[Stored items]
+===+

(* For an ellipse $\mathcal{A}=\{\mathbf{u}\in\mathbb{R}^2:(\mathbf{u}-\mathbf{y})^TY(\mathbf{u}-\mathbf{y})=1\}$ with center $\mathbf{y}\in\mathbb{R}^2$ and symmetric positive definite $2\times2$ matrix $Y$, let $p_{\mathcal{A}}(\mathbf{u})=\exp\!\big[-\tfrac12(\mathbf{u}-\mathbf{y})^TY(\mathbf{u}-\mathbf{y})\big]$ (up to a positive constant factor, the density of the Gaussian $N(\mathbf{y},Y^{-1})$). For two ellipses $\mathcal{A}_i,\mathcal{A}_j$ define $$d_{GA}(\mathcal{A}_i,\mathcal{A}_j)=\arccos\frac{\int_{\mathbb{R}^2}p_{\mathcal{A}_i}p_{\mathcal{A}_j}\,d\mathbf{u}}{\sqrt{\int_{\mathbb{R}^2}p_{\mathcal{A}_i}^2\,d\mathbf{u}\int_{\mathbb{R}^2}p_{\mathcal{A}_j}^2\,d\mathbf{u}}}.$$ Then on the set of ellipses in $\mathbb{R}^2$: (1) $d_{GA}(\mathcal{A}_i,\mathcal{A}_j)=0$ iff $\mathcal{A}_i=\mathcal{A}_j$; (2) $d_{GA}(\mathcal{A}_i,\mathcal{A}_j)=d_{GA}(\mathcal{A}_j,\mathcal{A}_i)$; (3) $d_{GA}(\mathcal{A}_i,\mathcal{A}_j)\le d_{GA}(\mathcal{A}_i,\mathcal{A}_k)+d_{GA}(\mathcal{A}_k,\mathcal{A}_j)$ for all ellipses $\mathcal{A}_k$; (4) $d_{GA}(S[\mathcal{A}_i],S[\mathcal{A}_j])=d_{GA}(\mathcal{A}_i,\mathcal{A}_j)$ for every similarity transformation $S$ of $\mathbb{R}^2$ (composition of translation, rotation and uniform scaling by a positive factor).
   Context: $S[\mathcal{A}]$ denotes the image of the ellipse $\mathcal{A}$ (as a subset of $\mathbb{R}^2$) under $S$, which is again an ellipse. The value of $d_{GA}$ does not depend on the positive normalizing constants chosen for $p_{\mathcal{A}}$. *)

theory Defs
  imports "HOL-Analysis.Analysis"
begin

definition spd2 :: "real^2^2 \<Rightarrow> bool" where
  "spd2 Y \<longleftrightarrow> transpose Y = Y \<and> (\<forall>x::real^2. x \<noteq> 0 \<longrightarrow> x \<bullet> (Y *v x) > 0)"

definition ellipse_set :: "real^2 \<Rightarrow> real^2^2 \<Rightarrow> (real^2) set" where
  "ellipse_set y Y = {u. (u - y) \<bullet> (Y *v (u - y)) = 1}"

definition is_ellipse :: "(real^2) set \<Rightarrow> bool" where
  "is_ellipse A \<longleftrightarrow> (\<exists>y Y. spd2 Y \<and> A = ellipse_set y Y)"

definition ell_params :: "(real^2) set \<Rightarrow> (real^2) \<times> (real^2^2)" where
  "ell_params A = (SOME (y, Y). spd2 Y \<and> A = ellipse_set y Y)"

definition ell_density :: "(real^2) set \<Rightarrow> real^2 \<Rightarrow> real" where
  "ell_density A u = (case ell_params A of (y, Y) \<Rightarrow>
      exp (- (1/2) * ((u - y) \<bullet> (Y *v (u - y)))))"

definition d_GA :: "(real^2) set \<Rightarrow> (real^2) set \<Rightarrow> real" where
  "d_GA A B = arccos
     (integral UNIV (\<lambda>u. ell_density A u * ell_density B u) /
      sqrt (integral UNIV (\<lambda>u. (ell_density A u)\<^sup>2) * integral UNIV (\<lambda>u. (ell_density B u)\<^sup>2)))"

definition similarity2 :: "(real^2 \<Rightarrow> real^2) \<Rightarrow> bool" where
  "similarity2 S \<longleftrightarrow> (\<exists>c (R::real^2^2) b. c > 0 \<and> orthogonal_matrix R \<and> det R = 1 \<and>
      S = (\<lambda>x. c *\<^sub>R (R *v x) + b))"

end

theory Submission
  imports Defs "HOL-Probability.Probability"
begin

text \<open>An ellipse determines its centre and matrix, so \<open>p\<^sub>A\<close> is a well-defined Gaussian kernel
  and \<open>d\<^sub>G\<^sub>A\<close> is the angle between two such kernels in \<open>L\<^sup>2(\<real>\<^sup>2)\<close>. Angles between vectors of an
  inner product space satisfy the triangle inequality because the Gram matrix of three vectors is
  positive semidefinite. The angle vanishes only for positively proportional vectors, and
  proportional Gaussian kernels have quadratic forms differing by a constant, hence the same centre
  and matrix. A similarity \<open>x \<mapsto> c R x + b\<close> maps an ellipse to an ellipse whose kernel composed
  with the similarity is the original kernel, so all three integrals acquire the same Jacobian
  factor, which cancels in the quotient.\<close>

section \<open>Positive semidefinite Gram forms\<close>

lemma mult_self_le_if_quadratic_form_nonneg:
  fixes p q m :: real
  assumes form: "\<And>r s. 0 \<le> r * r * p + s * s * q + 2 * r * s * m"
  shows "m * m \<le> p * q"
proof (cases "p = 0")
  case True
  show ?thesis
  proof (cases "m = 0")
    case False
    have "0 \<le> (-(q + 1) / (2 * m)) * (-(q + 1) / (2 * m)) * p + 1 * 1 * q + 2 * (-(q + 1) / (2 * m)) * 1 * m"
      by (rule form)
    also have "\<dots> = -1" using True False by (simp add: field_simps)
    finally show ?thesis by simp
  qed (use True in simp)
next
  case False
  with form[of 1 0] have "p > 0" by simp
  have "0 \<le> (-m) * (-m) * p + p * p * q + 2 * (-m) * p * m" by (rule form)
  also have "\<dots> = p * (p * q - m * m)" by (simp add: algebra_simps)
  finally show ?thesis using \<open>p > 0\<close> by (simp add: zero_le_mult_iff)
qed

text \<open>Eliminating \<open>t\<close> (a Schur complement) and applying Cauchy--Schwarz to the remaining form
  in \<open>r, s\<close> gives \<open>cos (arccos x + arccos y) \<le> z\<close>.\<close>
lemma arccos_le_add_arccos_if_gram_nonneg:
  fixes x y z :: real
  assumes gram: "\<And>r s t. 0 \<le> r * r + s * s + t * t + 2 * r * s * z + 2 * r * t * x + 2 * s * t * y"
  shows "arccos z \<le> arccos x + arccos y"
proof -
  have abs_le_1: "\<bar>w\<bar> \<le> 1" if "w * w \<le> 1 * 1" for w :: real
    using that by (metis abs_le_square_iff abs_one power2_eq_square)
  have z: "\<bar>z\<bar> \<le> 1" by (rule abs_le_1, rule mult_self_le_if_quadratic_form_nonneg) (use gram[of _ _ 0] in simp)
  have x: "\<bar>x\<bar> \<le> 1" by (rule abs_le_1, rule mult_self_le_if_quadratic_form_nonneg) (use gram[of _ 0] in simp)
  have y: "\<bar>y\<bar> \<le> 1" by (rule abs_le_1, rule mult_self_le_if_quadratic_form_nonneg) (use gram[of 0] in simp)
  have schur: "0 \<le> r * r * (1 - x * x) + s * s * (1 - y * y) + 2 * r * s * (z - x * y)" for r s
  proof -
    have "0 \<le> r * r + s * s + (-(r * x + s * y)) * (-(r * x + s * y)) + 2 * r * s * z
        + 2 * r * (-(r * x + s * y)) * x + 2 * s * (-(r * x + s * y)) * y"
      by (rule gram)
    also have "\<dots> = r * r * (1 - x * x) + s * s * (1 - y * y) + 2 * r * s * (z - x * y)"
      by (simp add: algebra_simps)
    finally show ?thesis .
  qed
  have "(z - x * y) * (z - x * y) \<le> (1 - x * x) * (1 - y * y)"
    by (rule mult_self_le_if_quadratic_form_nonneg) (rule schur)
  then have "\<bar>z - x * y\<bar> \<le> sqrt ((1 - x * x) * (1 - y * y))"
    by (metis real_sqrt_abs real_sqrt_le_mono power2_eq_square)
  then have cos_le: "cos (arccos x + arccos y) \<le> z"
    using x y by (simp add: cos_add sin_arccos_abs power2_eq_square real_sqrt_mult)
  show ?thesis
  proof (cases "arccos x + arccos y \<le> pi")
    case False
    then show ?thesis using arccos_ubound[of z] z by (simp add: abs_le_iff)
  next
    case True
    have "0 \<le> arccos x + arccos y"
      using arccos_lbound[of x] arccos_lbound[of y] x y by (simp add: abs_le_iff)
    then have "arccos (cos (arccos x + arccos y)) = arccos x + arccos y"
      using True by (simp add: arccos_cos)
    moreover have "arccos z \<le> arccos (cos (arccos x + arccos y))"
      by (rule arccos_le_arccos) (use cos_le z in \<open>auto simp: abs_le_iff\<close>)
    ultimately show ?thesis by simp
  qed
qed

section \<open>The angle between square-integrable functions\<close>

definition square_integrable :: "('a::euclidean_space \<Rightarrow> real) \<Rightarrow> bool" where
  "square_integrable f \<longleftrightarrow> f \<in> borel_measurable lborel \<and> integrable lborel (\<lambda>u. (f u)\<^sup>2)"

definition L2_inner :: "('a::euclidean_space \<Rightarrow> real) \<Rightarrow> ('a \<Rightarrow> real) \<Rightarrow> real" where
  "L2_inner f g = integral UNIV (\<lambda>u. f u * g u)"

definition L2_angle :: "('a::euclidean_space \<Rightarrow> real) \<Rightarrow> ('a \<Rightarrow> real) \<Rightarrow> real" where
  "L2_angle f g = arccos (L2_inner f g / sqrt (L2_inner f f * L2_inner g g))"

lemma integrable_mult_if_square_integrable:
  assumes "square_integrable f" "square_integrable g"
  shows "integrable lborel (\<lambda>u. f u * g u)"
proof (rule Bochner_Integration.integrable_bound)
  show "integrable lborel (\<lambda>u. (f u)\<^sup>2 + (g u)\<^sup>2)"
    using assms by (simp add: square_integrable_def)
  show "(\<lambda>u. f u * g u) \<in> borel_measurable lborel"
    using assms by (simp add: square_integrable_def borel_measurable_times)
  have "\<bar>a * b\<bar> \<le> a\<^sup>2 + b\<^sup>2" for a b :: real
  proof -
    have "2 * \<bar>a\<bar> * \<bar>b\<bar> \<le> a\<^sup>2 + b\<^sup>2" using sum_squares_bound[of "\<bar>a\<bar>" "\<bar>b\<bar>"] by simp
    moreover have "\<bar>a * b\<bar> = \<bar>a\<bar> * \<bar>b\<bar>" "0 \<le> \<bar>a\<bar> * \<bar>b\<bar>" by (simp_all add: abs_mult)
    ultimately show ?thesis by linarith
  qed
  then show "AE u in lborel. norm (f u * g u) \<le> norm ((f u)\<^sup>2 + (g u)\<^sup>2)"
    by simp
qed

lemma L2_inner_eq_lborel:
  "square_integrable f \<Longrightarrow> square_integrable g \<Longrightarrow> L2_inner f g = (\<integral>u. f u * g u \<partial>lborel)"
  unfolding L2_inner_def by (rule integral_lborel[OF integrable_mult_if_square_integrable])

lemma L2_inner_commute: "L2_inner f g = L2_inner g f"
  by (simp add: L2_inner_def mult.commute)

+===+

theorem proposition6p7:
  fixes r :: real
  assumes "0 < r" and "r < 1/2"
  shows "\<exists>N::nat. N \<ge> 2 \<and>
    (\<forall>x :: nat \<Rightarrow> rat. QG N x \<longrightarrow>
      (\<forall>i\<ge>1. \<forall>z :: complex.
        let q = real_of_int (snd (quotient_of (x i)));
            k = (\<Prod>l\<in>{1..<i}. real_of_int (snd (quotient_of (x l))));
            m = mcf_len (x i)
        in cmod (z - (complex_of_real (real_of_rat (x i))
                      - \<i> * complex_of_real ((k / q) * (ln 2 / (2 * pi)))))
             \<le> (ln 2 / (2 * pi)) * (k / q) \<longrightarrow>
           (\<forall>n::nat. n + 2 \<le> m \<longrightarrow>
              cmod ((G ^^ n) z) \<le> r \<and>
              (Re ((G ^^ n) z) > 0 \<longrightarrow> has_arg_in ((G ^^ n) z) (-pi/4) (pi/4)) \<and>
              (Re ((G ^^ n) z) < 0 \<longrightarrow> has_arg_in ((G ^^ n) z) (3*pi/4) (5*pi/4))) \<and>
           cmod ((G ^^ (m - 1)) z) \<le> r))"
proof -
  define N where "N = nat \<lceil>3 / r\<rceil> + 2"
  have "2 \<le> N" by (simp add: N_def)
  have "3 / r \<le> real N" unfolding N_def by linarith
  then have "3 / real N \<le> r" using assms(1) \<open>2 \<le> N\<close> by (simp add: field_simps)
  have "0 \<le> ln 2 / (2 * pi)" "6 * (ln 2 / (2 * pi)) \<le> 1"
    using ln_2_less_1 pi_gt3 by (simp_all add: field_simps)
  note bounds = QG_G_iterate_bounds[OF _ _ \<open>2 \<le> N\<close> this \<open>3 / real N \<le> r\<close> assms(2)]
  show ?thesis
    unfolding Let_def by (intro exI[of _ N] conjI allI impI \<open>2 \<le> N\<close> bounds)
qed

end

+===+

*Exercise goal:* The string "finally" marks the lines to copy; report each of them from the data above.

*Final answer:*
    finally show ?thesis by simp
  finally show ?thesis using \<open>p > 0\<close> by (simp add: zero_le_mult_iff)
    finally show ?thesis .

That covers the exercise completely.